Raipur: In an eye catching development, state government has announced its plans to develop a ‘Marine Fossil Park’ at Asia’s oldest marine fossil site discovered recently on the banks of Hasdeo river.
According to the forest department, state government has allocated funds for the proposed park which will be setup in the township area of Hasdeo river in Aamakherwa of Manendragarh, covering an area of around 1 kilometer.
This comes after the remarkable discovery of 280-million-year old marine fossils on the banks of Hasdeo river in Chhattisgarh’s Manendragarh-Chirimiri-Bharatpur (MCB) district, around 300km from state’s capital Raipur.
The discovery has elated the officials who are now hoping for a significant turnout of tourists and researchers in the said locality following completion of the proposed ‘Marine Fossil Park’.
Significantly, the incumbent state government has shown keen interest and is already collecting detailed information related to fossils with an aim to develop the said locality as a major scientific and tourist destination.
“The state government is preparing to develop it as a Marine Fossils Park which is going to be the pride of Asia let alone Chhattisgarh,” said an official.
Expressing his delight over the discovery, Chhattisgarh Chief Minister Vishnu Deo Sai said that finding 280-million-old marine fossil in Manendragarh is a matter of pride for Chhattisgarh and the state government is full committed to preserving and developing its natural heritage.
The CM further asserted that the said park will not only become a center of scientific research but will also create new employment opportunities related to tourism.
After being developed as a Marine Fossil Park, the area will open to tourists and scientists as a bio-diversity heritage site. Tourist coming here will be able to see and understand the story of the origin and evolution of organisms millions of years old. The Chhattisgarh government is giving special importance to this project. Teams of Geological Survey of India, Kolkata and Birbal Sahni Institute Lucknow have studied the area and assessed its possibilities, he added.
Meanwhile terming it a significant discovery, Dr Vinay Kumar Pandey, Nodal Officer of the Department of Archaeology, said that this would be the largest fossils in Asia. Scientific archaeologists from the country and abroad will come here to study. Carbon dating revealed that it is 280 million years old. It was first discovered by Dr SK Ghosh in 1954. Then the team of ESI and Lucknow Birbal continuously surveyed it.
According to scientists, 280 million years ago, there was a glacier at the place of the present Hasdeo river that later got absorbed in the sea in the form of a thin strip called ‘Stathis’ through which marine organisms entered the present Hasdeo river of Manendragarh. They gradually became extinct but their fossils can still be seen at the said site. In the year 2015, scientists of Birbal Sahni Institute of Paleo Sciences, Lucknow also confirmed it.

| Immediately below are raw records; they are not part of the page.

lemma card_torsion_vecs_mod:
  fixes Q c M :: nat
  assumes Q: "Q > 0" and c: "c dvd Q"
  shows "card (torsion (int Q) M (int c) (vecs_mod (int Q) M)) = c ^ M"
proof -
  obtain d where d: "Q = c * d" using c by (auto elim: dvdE)
  have pos: "c > 0" "d > 0" using d Q by auto
  let ?T = "{t. 0 \<le> t \<and> t < int Q \<and> int Q dvd int c * t}"
  have T: "?T = (\<lambda>u. int d * u) ` {0..<int c}"
  proof (rule set_eqI, rule iffI)
    fix t assume t: "t \<in> ?T"
    then have "int c * int d dvd int c * t" using d by simp
    then have "int d dvd t" using pos by simp
    then obtain u where u: "t = int d * u" by (auto elim: dvdE)
    moreover have "0 \<le> u" "u < int c" using t u pos d by (auto simp: zero_le_mult_iff mult.commute)
    ultimately show "t \<in> (\<lambda>u. int d * u) ` {0..<int c}" by (intro image_eqI[of _ _ u]) auto
  next
    fix t assume "t \<in> (\<lambda>u. int d * u) ` {0..<int c}"
    then obtain u where "u \<in> {0..<int c}" "t = int d * u" by blast
    then have u: "t = int d * u" "0 \<le> u" "u < int c" by auto
    then have "int d * u < int d * int c" using pos by simp
    then show "t \<in> ?T" using u pos d by (auto simp: mult.commute)
  qed
  have "card ?T = c" unfolding T using pos by (subst card_image) (auto simp: inj_on_def)
  moreover have "torsion (int Q) M (int c) (vecs_mod (int Q) M) = tuples M ?T 0"
    unfolding torsion_def tuples_def vecs_mod_iff vscale_eq_zero_iff by auto
  moreover have "finite ?T" by (rule finite_subset[of _ "{0..<int Q}"]) auto
  ultimately show ?thesis using finite_card_tuples[of ?T M 0] by simp
qed

lemma torsion_vecs_mod_eq_image:
  fixes Q c :: nat
  assumes Q: "Q > 0" and c: "c dvd Q"
  shows "torsion (int Q) M (int c) (vecs_mod (int Q) M)
      = vscale (int Q) M (int (Q div c)) ` vecs_mod (int Q) M"
proof (rule set_eqI, rule iffI)
  have q: "int Q > 0" using Q by simp
  obtain d where d: "Q = c * d" using c by (auto elim: dvdE)
  then have d_eq: "Q div c = d" and pos: "c > 0" "d > 0" using Q by auto
  fix t assume "t \<in> torsion (int Q) M (int c) (vecs_mod (int Q) M)"
  then have t: "t \<in> vecs_mod (int Q) M" and "\<forall>l<M. int Q dvd int c * t l"
    unfolding torsion_def vscale_eq_zero_iff by auto
  then have dvd: "int d dvd t l" if "l < M" for l
    using that d pos by simp
  have "t = vscale (int Q) M (int d) (reduce (int Q) M (\<lambda>l. t l div int d))"
  proof (rule vecs_mod_eqI[OF t vscale_in_vecs_mod[OF q]])
    fix l assume "l < M"
    then have "int d * (t l div int d) = t l" using dvd by simp
    with \<open>l < M\<close> show "t l mod int Q
        = vscale (int Q) M (int d) (reduce (int Q) M (\<lambda>l. t l div int d)) l mod int Q"
      by (simp add: vscale_apply reduce_apply mod_simps)
  qed
  then show "t \<in> vscale (int Q) M (int (Q div c)) ` vecs_mod (int Q) M"
    unfolding d_eq using reduce_in_vecs_mod[OF q] by blast
next
  have q: "int Q > 0" using Q by simp
  fix t assume "t \<in> vscale (int Q) M (int (Q div c)) ` vecs_mod (int Q) M"
  then obtain y where t: "t = vscale (int Q) M (int (Q div c)) y" by blast
  have "int c * int (Q div c) = int Q" using c by (simp flip: of_nat_mult)
  then have "int c * ((int (Q div c) * y l) mod int Q) mod int Q = 0" for l
    by (simp add: mod_mult_right_eq mult.assoc[symmetric])
  then have "int Q dvd int c * ((int (Q div c) * y l) mod int Q)" for l
    by (simp add: dvd_eq_mod_eq_0)
  then show "t \<in> torsion (int Q) M (int c) (vecs_mod (int Q) M)"
    unfolding torsion_def t vscale_eq_zero_iff using vscale_in_vecs_mod[OF q]
      by (simp add: vscale_apply)
qed

definition unimodular_count :: "nat \<Rightarrow> nat \<Rightarrow> real" where
  "unimodular_count Q r = real Q ^ r * (\<Prod>p\<in>prime_factors Q. 1 - 1 / real p ^ r)"

definition torsion_avoiding :: "int \<Rightarrow> nat \<Rightarrow> (nat \<Rightarrow> int) set \<Rightarrow> nat \<Rightarrow> nat set \<Rightarrow> (nat \<Rightarrow> int) set" where
  "torsion_avoiding q N G c S =
     {v \<in> torsion q N (int c) G. \<forall>p\<in>S. vscale q N (int (c div p)) v \<noteq> zero_vec}"

lemma finite_torsion_avoiding: "submod q N G \<Longrightarrow> finite (torsion_avoiding q N G c S)"
  unfolding torsion_avoiding_def torsion_def by (simp add: finite_submod)

lemma div_prime_div_prime:
  fixes c p p' :: nat
  assumes "prime p" "prime p'" "p \<noteq> p'" "p dvd c" "p' dvd c"
  obtains m where "c div p = p' * m" "c div p' = p * m" "c div p div p' = m"
proof -
  have "p * p' dvd c"
    using assms by (simp add: divides_mult primes_coprime)
  then obtain m where c: "c = p * p' * m" by blast
  have pos: "p > 0" "p' > 0" using assms by (auto simp: prime_gt_0_nat)
  have "c = p * (p' * m)" "c = p' * (p * m)" unfolding c by (simp_all add: ac_simps)
  then have div: "c div p = p' * m" "c div p' = p * m"
    using pos by (metis nonzero_mult_div_cancel_left not_gr0)+
  then have "c div p div p' = m" using pos by simp
  with div show ?thesis by (rule that)
qed

text \<open>The point is that \<open>c div p div p'\<close> is the gcd of \<open>c div p\<close> and \<open>c div p'\<close>.\<close>

lemma vscale_div_prime_eq_zero_iff:
  fixes c p p' :: nat
  assumes p: "prime p" "prime p'" "p \<noteq> p'" "p dvd c" "p' dvd c"
    and v: "vscale q N (int (c div p)) v = zero_vec"
  shows "vscale q N (int (c div p')) v = zero_vec \<longleftrightarrow> vscale q N (int (c div p div p')) v = zero_vec"
proof -
  obtain m where m: "c div p = p' * m" "c div p' = p * m" "c div p div p' = m"
    using div_prime_div_prime[OF p] by blast
  have "coprime (int p) (int p')" using p by (simp add: primes_coprime)
  then have "gcd (int (c div p')) (int (c div p)) = int m"
    unfolding m
      by (simp add: gcd_mult_distrib_int[symmetric] mult.commute[of _ "int m"] coprime_iff_gcd_eq_1)
  then have "vscale q N (int (c div p')) v = zero_vec \<Longrightarrow> vscale q N (int m) v = zero_vec"
    using vscale_eq_zero_gcd[OF _ v] by metis
  moreover have "int m dvd int (c div p')" unfolding m by simp
  ultimately show ?thesis using vscale_eq_zero_dvd m(3) by metis
qed

lemma torsion_avoiding_killed:
  fixes c p :: nat
  assumes p: "prime p" "p dvd c" "p \<notin> S" and S: "\<forall>p'\<in>S. prime p' \<and> p' dvd c"
  shows "{v \<in> torsion_avoiding q N G c S. vscale q N (int (c div p)) v = zero_vec}
    = torsion_avoiding q N G (c div p) S"
proof -
  have "c div p dvd c" using p(2) by (metis dvd_mult_div_cancel dvd_triv_right)
  then have "int (c div p) dvd int c" by simp
  then have kill_c:
      "vscale q N (int (c div p)) v = zero_vec \<Longrightarrow> vscale q N (int c) v = zero_vec" for v
    using vscale_eq_zero_dvd by blast
  have iff: "vscale q N (int (c div p)) v = zero_vec \<Longrightarrow> p' \<in> S \<Longrightarrow>
      vscale q N (int (c div p')) v = zero_vec \<longleftrightarrow>
      vscale q N (int (c div p div p')) v = zero_vec" for v p'
    using vscale_div_prime_eq_zero_iff[OF p(1) _ _ p(2)] S p(3) by metis
  show ?thesis
    unfolding torsion_avoiding_def torsion_def using kill_c iff by auto
qed
lemma independent_if_biorthogonal:
  fixes w Q :: "'i \<Rightarrow> 'a::field^'m"
  assumes "finite I"
    and biorth: "\<And>i j. i \<in> I \<Longrightarrow> j \<in> I \<Longrightarrow> (\<Sum>p\<in>UNIV. Q i $ p * w j $ p) = of_bool (i = j)"
  shows "vec.independent (w ` I)" and "inj_on w I"
proof -
  show inj: "inj_on w I"
  proof (rule inj_onI)
    fix i j assume "i \<in> I" "j \<in> I" "w i = w j"
    then show "i = j" using biorth[of i i] biorth[of i j] by auto
  qed
  show "vec.independent (w ` I)"
  proof (rule vec.independent_if_scalars_zero)
    show "finite (w ` I)" using assms(1) by simp
    fix c x assume sum0: "(\<Sum>x\<in>w ` I. c x *s x) = 0" and "x \<in> w ` I"
    then obtain i where i: "i \<in> I" "x = w i" by blast
    have "0 = (\<Sum>p\<in>UNIV. Q i $ p * (\<Sum>j\<in>I. c (w j) *s w j) $ p)"
      using sum0 by (simp add: sum.reindex[OF inj])
    also have "\<dots> = (\<Sum>j\<in>I. c (w j) * (\<Sum>p\<in>UNIV. Q i $ p * w j $ p))"
      by (simp add: sum_component sum_distrib_left mult_ac sum.swap[where A=UNIV])
    also have "\<dots> = (\<Sum>j\<in>I. c (w j) * of_bool (i = j))"
      using i by (simp add: biorth)
    also have "\<dots> = c x"
      using assms(1) i by (simp add: of_bool_def if_distrib[where f="\<lambda>a. _ * a"] cong: if_cong)
    finally show "c x = 0" by simp
  qed
qed

lemma biorthogonal_functionals:
  fixes B :: "('a::field^'n) set"
  assumes "vec.independent B"
  obtains \<phi> where "\<And>b. Vector_Spaces.linear (*s) (*) (\<phi> b)"
    and "\<And>b b'. b \<in> B \<Longrightarrow> b' \<in> B \<Longrightarrow> \<phi> b b' = of_bool (b = b')"
proof
  let ?C = "vec.extend_basis B"
  have C: "vec.independent ?C" "vec.span ?C = UNIV" "B \<subseteq> ?C"
    using vec.independent_extend_basis[OF assms] vec.span_extend_basis[OF assms]
      vec.extend_basis_superset[OF assms] by blast+
  show "Vector_Spaces.linear (*s) (*) (\<lambda>x. vec.representation ?C x b)" for b
    using vec.linear_representation[OF C(1,2)] .
  show "vec.representation ?C b' b = of_bool (b = b')" if "b \<in> B" "b' \<in> B" for b b'
    using vec.representation_basis[OF C(1)] that C(3) by auto
qed

lemma linear_functional_expansion:
  fixes \<phi> :: "'a::field^'n \<Rightarrow> 'a"
  assumes "Vector_Spaces.linear (*s) (*) \<phi>"
  shows "\<phi> x = (\<Sum>i\<in>UNIV. x$i * \<phi> (axis i 1))"
proof -
  interpret \<phi>: Vector_Spaces.linear "(*s)" "(*)" \<phi> by fact
  have "\<phi> x = \<phi> (\<Sum>i\<in>UNIV. x$i *s axis i 1)"
    by (simp only: basis_expansion)
  also have "\<dots> = (\<Sum>i\<in>UNIV. x$i * \<phi> (axis i 1))"
    by (simp add: \<phi>.sum \<phi>.scale)
  finally show ?thesis .
qed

The remains of fossils provide evidence that millions of years ago there was a sea in this area, which later disappeared due to natural changes and the remains of these organisms got buried in the stones and got preserved as fossils. This is an important discovery that provides us information about the history and change of the earth.
Following the discovery of the marine fossils the area has indeed became an important cultural and scientific heritage, which is expected to help unravel the ancient history of the planet earth. Notably, the area has been preserved as a National Geological Monument by the Geological Survey of India (GSI) since 1982.